◆ Given data:
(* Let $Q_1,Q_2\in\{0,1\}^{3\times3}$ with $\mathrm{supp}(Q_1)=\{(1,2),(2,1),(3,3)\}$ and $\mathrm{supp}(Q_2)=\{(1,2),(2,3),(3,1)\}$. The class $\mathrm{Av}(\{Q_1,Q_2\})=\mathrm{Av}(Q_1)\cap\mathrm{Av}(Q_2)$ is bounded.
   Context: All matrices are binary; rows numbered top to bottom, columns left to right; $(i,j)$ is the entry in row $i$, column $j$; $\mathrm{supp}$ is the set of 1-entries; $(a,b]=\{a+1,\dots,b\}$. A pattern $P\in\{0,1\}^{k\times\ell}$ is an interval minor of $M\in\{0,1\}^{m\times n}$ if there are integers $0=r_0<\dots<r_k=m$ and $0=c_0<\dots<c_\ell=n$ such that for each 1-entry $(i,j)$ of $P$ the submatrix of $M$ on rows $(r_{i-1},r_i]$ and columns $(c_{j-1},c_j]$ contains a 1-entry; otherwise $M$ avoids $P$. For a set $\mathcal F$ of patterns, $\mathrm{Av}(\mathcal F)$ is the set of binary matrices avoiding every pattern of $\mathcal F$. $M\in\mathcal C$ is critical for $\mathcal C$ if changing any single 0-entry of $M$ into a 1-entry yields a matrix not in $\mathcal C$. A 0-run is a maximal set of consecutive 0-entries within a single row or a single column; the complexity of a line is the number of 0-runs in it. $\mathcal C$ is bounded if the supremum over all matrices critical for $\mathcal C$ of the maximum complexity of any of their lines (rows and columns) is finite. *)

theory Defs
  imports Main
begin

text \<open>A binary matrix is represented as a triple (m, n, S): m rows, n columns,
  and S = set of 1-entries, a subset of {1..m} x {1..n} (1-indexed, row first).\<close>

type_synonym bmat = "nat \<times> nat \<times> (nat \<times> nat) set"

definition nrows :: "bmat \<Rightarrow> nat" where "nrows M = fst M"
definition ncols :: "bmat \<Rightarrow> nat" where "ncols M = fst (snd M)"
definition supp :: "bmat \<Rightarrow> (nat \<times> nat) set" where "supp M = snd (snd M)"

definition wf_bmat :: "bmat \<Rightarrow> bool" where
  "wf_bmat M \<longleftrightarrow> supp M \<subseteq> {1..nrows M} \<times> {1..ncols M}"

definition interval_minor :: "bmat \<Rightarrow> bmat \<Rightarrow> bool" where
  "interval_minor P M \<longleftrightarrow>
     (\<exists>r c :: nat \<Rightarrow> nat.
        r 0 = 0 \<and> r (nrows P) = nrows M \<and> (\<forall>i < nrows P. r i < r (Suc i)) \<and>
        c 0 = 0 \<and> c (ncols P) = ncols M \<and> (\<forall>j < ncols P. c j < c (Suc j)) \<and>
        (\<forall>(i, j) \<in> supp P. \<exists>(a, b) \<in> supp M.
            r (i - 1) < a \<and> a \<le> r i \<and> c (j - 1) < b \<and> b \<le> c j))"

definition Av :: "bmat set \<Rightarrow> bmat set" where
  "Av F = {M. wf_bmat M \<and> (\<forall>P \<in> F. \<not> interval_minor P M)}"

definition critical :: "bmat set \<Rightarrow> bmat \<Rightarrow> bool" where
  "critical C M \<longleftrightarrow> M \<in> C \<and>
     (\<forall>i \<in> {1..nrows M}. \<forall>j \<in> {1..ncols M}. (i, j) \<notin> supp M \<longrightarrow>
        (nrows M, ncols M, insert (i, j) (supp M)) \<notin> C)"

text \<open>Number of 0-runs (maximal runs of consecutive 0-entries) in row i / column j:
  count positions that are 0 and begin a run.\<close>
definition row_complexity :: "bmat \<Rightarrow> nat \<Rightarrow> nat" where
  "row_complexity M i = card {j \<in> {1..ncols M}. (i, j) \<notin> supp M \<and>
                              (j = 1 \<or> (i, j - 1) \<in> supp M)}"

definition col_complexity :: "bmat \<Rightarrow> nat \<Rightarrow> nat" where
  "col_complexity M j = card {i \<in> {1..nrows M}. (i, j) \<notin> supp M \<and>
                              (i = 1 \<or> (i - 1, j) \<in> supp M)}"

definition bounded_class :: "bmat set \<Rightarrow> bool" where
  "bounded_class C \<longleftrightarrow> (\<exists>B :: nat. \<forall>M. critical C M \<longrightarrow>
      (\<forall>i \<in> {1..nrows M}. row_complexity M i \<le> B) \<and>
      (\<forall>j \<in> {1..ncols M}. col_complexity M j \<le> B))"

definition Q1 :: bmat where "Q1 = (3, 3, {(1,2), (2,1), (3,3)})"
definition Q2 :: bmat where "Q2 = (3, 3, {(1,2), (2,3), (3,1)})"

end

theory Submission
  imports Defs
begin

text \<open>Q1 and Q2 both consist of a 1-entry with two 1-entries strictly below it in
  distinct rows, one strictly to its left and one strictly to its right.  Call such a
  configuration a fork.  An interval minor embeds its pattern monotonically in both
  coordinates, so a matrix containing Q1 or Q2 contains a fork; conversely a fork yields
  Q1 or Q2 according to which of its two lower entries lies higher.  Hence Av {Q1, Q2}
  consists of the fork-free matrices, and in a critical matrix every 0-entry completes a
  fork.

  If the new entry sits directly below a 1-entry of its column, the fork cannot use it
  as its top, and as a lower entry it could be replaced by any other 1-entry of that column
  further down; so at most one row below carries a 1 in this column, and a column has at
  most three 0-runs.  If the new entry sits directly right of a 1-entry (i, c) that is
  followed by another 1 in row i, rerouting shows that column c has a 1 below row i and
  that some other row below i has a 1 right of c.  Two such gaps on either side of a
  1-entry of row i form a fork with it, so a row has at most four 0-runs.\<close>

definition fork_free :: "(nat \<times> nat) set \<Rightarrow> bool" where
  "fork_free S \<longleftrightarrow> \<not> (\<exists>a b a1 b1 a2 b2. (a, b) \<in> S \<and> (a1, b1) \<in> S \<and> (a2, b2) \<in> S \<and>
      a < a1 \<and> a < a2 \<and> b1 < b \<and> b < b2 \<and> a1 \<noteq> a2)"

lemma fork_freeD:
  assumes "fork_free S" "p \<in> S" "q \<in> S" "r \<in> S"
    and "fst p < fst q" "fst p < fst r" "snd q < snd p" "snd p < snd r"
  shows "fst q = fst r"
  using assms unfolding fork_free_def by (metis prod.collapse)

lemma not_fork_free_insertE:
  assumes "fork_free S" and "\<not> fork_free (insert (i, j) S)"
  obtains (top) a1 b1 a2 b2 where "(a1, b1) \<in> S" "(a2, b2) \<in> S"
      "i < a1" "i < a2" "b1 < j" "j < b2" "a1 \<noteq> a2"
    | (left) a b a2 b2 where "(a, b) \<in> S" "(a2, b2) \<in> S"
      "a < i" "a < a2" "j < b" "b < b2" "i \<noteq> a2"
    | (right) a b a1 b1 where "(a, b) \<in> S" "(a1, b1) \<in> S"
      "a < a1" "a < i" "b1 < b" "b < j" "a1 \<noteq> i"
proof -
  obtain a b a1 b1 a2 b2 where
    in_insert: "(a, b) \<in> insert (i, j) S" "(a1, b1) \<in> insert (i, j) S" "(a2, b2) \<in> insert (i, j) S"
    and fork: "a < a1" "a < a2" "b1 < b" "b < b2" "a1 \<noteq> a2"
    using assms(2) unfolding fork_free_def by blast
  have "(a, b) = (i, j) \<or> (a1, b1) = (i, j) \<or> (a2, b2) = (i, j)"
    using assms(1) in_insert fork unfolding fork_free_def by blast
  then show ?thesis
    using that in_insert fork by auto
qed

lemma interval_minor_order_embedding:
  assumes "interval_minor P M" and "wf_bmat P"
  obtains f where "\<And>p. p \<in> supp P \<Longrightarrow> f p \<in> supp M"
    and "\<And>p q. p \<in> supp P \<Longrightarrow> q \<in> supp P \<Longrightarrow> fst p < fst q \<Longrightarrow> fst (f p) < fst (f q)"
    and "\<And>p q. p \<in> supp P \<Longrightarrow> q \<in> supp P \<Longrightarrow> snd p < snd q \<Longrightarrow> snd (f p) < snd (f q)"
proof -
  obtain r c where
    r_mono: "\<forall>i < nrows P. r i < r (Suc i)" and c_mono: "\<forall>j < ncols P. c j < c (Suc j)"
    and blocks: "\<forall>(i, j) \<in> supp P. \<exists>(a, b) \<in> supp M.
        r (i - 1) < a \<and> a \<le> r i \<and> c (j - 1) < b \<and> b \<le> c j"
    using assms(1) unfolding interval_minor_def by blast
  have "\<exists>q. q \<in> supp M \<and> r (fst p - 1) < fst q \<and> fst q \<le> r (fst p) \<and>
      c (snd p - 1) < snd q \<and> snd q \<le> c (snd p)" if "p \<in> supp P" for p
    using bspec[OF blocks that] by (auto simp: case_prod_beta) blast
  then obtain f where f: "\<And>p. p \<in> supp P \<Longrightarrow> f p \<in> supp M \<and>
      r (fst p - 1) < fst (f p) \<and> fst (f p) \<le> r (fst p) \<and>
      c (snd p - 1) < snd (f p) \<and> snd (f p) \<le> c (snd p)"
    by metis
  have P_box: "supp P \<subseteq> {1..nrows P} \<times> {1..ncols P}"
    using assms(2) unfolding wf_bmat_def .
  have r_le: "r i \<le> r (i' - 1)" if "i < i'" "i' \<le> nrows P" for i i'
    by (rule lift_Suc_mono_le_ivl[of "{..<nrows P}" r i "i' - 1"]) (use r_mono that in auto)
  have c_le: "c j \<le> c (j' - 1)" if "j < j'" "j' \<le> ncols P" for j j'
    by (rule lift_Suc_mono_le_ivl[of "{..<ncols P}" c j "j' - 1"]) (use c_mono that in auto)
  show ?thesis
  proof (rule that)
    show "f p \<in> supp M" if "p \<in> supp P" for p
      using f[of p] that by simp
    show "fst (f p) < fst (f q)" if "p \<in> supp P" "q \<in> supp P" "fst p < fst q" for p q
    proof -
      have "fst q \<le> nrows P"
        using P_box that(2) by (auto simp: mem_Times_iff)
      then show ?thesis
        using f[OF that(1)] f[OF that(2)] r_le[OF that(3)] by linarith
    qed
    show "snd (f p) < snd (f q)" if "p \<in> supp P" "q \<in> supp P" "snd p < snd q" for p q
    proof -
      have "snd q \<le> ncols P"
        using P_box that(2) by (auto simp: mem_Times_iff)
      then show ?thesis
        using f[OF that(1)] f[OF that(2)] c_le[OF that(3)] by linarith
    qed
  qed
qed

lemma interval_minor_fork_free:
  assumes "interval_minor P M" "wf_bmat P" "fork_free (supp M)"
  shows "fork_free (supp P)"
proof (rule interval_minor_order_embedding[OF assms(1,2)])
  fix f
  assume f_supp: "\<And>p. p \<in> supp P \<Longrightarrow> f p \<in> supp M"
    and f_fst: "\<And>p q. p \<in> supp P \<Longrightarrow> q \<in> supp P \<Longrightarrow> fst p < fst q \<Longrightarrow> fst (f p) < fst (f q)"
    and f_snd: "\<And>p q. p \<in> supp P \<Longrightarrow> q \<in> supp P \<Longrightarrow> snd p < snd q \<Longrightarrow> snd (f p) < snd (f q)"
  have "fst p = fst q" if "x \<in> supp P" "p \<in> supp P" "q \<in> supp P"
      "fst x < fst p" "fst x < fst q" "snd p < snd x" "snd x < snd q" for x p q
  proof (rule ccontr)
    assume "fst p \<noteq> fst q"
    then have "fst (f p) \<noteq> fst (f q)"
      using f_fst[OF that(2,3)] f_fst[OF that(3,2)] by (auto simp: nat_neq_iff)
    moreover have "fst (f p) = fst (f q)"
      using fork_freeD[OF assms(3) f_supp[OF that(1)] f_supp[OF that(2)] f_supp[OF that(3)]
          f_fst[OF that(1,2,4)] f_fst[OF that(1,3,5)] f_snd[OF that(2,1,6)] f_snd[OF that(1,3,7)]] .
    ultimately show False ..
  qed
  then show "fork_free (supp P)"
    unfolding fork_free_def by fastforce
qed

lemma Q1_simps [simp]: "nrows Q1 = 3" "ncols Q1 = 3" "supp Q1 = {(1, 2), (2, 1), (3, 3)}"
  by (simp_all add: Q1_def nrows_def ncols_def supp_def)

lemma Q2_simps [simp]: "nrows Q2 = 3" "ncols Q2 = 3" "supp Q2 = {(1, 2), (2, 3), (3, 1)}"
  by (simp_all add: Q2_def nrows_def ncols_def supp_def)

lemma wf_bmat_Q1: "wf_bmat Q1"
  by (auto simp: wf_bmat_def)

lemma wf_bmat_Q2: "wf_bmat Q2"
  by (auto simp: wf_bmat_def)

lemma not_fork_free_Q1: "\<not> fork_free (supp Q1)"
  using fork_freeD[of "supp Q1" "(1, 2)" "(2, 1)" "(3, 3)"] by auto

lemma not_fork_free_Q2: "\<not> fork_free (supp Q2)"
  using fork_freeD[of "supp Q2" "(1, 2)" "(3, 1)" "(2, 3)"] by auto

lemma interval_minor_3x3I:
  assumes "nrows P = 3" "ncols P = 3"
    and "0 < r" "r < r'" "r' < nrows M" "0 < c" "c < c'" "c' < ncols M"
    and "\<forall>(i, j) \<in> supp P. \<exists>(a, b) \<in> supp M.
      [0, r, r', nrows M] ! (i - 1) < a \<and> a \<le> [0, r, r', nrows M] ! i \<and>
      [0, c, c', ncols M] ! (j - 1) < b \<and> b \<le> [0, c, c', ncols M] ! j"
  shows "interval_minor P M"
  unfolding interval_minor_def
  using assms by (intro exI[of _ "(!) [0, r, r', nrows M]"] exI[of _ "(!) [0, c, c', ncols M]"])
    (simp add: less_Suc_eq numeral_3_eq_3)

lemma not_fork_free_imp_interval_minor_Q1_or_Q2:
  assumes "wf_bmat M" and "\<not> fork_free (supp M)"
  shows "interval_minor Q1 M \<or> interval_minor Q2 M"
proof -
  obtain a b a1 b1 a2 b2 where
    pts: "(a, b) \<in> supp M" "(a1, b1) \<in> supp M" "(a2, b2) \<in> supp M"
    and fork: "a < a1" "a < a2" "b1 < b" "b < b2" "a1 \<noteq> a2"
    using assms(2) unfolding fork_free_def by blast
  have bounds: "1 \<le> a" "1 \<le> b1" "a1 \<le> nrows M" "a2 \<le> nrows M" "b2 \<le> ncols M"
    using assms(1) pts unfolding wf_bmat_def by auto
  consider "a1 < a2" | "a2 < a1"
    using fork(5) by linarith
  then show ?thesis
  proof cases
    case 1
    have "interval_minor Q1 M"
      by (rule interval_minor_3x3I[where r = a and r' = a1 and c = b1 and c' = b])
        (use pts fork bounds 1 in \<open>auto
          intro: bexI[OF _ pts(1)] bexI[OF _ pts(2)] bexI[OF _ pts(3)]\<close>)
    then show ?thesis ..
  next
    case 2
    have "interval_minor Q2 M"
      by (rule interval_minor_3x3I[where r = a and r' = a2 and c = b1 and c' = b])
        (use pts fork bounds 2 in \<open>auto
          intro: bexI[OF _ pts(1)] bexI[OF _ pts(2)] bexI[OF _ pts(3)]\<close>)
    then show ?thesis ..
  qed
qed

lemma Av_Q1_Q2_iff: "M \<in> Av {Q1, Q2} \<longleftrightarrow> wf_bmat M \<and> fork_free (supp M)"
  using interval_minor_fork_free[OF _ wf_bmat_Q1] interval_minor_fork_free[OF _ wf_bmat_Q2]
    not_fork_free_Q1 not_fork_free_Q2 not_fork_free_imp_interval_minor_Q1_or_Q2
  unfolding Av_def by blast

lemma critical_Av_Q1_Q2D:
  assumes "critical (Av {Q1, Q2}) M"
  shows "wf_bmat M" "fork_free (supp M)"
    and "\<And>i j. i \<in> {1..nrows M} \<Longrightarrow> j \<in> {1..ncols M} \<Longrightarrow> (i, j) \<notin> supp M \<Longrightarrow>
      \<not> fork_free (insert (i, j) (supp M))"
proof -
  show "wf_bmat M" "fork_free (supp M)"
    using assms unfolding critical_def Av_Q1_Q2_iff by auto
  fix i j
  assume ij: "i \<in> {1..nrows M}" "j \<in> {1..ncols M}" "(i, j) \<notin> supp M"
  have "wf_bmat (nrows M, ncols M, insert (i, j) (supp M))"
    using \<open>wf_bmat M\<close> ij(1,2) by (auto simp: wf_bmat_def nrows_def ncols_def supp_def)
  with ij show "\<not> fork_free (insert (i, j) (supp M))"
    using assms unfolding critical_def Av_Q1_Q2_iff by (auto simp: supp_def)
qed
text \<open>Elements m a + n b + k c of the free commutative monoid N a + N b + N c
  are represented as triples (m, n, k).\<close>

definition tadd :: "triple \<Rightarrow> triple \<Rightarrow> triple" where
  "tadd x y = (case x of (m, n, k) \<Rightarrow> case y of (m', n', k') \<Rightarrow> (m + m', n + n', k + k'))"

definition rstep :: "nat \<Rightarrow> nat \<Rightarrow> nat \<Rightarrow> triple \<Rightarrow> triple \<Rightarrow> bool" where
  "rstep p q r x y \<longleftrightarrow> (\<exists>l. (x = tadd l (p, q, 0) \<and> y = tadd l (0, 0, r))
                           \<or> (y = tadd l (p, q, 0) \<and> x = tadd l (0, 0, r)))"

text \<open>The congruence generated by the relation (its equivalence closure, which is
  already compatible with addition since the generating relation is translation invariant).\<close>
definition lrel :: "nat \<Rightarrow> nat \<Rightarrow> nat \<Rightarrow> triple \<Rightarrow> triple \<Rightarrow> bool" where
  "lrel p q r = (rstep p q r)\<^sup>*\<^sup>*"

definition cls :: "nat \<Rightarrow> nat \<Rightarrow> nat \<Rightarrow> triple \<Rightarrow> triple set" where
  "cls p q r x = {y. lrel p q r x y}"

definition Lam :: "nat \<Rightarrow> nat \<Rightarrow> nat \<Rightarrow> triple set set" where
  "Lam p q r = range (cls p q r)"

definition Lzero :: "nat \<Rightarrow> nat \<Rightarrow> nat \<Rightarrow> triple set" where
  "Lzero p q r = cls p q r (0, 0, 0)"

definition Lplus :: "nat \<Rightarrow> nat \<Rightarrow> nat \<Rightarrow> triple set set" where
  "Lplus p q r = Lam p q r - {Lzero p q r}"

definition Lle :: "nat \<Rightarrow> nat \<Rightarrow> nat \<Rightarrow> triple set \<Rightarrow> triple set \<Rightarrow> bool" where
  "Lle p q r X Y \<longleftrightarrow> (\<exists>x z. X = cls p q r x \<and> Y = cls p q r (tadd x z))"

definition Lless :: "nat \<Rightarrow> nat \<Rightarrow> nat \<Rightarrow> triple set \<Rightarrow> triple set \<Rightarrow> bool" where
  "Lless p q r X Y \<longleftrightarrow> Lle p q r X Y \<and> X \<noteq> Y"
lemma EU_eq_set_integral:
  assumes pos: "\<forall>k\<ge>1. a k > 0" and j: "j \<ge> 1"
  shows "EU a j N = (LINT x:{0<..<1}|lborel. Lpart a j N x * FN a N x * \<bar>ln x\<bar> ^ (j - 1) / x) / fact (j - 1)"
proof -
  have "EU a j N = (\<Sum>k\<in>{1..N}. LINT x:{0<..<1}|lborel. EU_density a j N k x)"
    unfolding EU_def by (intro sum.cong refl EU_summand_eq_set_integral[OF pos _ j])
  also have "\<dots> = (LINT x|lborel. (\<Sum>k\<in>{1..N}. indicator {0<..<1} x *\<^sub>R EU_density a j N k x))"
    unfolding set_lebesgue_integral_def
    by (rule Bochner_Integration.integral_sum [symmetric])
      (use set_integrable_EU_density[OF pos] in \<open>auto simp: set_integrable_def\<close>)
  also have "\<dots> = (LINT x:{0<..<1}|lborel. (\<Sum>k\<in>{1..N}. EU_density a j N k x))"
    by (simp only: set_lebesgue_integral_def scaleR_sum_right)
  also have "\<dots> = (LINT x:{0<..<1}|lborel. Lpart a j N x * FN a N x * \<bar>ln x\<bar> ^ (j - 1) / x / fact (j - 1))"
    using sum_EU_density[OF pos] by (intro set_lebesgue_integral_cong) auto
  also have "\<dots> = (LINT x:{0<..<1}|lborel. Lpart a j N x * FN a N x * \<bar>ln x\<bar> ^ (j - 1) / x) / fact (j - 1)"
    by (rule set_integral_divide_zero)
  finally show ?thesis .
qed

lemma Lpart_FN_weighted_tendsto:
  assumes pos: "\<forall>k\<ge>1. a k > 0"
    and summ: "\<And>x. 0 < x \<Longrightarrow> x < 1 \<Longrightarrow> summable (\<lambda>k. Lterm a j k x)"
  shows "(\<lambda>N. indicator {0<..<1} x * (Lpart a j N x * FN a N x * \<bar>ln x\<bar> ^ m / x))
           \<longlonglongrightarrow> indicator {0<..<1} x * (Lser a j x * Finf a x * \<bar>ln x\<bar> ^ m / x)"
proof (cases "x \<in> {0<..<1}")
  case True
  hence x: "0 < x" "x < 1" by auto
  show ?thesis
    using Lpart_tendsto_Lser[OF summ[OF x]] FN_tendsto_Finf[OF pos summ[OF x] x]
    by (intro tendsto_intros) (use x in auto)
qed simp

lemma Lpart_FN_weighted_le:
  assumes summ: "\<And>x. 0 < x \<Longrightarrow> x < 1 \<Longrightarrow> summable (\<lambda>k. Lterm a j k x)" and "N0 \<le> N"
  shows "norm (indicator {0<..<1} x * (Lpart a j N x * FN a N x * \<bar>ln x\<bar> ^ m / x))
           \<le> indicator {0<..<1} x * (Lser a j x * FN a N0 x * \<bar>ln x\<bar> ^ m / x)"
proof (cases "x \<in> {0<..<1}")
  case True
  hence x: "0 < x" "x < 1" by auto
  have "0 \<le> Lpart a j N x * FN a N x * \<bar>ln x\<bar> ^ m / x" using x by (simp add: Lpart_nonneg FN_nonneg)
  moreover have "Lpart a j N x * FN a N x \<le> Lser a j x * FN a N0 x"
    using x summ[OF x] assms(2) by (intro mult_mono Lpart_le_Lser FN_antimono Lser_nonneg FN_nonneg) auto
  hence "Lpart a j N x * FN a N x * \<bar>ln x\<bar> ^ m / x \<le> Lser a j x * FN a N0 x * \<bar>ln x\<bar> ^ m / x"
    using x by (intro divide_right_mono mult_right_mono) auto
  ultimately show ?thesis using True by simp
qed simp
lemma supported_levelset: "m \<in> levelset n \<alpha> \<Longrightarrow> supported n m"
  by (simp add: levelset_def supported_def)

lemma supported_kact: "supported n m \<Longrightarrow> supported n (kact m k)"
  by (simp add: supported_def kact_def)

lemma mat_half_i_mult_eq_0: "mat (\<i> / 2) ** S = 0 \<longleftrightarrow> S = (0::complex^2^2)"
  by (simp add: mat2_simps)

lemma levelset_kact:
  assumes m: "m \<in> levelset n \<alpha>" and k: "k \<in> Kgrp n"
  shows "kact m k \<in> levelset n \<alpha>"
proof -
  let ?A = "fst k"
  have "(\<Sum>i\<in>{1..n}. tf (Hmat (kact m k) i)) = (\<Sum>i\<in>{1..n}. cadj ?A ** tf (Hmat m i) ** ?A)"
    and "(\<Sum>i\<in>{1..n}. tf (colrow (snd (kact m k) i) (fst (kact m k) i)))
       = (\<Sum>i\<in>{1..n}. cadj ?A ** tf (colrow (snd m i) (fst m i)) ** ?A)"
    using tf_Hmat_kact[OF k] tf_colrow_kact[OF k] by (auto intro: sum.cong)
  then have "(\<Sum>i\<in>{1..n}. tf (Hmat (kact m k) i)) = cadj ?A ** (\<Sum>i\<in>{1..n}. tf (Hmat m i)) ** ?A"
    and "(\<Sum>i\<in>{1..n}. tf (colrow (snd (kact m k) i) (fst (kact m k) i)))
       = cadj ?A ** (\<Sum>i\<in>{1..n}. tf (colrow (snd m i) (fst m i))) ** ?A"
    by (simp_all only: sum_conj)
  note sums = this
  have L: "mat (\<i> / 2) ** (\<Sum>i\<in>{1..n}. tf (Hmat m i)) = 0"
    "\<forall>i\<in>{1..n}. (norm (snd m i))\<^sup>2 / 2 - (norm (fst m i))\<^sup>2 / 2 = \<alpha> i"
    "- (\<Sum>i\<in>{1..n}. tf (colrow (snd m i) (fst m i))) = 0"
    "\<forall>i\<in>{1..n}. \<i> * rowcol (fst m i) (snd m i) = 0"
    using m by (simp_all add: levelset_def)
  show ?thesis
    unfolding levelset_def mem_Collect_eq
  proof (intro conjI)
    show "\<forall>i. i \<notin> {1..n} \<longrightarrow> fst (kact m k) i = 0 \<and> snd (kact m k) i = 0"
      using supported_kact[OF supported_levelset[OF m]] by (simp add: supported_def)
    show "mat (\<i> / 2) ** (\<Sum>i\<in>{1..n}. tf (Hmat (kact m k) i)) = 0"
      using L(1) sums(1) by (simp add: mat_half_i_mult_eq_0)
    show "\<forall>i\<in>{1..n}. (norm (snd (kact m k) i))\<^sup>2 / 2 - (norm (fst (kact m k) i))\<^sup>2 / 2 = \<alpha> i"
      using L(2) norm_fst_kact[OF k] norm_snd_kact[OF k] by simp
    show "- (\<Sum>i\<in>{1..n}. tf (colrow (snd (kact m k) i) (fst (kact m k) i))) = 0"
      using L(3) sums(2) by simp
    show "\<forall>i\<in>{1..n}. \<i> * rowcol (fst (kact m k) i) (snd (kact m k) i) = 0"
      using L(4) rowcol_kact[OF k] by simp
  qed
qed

◆ Required action: Look through the entries above and copy each line that has "then" in it.

◆ Written solution:
  then show ?thesis
  then obtain f where f: "\<And>p. p \<in> supp P \<Longrightarrow> f p \<in> supp M \<and>
      then show ?thesis
      then show ?thesis
    then have "fst (f p) \<noteq> fst (f q)"
  then show "fork_free (supp P)"
  then show ?thesis
    then show ?thesis ..
    then show ?thesis ..
  then have "(\<Sum>i\<in>{1..n}. tf (Hmat (kact m k) i)) = cadj ?A ** (\<Sum>i\<in>{1..n}. tf (Hmat m i)) ** ?A"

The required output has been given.